[Start of Attachment]

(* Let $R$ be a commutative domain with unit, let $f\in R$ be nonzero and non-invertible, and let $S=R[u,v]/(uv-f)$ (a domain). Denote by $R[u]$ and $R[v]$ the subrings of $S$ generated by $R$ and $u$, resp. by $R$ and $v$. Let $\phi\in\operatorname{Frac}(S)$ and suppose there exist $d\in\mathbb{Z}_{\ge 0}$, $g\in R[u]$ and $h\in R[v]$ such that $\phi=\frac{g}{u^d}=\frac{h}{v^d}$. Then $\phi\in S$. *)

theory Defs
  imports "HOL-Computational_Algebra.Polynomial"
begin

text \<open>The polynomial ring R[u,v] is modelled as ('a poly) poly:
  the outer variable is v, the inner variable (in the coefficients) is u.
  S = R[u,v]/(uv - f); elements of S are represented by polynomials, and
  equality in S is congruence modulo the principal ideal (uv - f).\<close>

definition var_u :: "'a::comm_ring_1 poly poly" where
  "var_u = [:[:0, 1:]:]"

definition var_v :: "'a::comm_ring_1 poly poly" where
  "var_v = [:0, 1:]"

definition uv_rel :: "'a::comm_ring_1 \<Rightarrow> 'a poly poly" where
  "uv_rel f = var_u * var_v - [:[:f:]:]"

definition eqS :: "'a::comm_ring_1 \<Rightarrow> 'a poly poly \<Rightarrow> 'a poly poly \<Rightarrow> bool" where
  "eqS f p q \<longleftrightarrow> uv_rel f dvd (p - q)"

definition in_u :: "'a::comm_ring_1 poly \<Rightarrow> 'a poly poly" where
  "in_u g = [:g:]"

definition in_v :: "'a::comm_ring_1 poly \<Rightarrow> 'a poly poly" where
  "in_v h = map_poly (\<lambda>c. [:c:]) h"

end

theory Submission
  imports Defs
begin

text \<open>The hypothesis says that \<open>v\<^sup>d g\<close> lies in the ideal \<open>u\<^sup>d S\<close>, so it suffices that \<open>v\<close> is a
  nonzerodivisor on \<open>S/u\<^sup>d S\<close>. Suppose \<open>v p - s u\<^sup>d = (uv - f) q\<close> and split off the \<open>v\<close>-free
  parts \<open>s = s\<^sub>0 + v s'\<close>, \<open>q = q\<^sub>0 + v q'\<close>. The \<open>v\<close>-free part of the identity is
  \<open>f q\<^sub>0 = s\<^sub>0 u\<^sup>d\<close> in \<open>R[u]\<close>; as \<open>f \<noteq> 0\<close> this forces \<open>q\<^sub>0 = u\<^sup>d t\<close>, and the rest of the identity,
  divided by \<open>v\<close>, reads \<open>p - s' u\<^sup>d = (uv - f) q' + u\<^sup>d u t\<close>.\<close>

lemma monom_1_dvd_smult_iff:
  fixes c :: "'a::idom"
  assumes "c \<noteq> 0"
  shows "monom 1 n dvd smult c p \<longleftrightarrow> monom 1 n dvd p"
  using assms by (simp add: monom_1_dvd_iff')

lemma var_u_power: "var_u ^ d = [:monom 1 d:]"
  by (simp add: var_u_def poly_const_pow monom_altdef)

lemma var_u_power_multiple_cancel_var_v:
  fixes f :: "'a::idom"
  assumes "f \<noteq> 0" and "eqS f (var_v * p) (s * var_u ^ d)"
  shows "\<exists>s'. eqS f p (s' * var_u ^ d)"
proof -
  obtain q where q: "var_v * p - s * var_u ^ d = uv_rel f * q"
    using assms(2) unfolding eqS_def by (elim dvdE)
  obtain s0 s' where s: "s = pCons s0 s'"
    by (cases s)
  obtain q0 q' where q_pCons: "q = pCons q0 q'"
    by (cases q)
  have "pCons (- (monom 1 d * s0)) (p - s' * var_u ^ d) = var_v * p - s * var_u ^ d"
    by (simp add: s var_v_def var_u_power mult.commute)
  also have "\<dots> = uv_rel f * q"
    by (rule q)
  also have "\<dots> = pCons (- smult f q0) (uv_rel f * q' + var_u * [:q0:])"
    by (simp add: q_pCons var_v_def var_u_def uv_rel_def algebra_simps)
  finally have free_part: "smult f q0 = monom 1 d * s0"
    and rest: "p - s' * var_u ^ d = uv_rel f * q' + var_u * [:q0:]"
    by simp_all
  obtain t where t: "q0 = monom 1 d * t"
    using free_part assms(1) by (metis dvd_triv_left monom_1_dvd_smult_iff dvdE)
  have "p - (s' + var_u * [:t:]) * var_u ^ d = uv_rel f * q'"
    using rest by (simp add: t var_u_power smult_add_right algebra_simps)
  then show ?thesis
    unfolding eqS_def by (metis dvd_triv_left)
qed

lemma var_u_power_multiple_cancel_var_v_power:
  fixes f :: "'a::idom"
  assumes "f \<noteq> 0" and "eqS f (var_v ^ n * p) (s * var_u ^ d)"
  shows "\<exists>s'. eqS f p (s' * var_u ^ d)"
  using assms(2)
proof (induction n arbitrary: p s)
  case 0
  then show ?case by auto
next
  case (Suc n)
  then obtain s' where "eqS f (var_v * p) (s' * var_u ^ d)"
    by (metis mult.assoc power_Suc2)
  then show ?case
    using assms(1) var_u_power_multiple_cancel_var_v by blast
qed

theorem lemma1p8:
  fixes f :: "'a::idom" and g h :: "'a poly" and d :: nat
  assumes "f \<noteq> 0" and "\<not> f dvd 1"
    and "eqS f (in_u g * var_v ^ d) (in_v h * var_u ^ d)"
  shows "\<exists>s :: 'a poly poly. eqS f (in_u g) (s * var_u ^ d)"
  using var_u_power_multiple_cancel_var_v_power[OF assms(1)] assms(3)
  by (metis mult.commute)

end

[End of Attachment]
[Start of Attachment]

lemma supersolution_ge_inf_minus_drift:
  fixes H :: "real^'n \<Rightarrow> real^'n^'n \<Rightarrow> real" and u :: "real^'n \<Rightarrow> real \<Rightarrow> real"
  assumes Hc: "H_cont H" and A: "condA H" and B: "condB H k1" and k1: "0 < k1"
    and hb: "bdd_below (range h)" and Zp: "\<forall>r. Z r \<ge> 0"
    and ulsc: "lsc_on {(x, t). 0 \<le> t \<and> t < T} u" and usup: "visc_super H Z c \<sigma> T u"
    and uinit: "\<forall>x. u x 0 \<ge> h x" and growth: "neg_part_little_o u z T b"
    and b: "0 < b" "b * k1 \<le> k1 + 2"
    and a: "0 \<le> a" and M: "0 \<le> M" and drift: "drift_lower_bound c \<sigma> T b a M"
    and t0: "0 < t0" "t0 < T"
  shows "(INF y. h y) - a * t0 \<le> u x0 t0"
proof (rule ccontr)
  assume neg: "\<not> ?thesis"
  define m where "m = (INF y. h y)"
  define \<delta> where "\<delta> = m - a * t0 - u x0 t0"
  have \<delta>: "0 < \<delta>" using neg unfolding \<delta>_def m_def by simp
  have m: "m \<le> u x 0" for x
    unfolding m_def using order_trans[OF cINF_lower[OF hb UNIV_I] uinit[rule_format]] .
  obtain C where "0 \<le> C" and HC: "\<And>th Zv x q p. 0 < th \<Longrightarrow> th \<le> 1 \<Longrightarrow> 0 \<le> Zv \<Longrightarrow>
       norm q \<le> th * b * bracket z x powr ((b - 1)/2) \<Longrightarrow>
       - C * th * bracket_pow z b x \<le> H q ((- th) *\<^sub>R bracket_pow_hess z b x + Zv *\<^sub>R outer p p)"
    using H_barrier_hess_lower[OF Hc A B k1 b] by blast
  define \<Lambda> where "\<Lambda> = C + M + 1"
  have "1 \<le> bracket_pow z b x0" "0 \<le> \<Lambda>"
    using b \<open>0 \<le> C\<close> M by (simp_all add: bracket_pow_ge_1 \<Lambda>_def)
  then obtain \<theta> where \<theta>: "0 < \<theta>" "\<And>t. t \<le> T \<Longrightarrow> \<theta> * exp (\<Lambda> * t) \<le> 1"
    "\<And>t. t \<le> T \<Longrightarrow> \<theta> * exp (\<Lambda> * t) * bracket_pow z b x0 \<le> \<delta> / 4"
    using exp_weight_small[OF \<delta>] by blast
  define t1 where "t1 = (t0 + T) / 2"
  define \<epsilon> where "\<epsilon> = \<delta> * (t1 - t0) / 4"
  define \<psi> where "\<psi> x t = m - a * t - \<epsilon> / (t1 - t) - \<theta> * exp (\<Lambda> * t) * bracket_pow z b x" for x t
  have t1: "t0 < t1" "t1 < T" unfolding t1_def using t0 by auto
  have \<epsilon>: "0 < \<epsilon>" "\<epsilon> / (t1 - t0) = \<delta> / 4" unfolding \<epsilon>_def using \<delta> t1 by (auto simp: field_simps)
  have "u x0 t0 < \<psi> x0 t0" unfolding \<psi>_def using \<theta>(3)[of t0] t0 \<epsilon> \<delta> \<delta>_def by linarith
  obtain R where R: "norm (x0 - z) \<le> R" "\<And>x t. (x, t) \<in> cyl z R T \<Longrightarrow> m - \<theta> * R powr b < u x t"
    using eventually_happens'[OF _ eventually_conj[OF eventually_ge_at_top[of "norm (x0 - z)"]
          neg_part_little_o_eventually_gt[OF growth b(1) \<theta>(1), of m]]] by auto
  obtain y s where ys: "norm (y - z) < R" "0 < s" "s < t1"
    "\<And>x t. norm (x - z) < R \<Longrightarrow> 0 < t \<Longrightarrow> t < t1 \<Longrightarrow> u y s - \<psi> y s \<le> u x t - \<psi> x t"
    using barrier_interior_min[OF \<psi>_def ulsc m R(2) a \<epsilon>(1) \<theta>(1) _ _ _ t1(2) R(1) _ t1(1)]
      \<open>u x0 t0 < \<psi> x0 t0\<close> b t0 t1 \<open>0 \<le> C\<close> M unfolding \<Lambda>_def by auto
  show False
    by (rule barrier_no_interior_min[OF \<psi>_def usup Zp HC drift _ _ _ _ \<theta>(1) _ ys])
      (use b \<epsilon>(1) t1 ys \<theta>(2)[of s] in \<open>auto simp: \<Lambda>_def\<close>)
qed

[End of Attachment]

- ABOUT THIS EXERCISE -
Look through the data and gather every line with the string "imports" in it.

- ANSWER SPACE -
  imports "HOL-Computational_Algebra.Polynomial"
  imports Defs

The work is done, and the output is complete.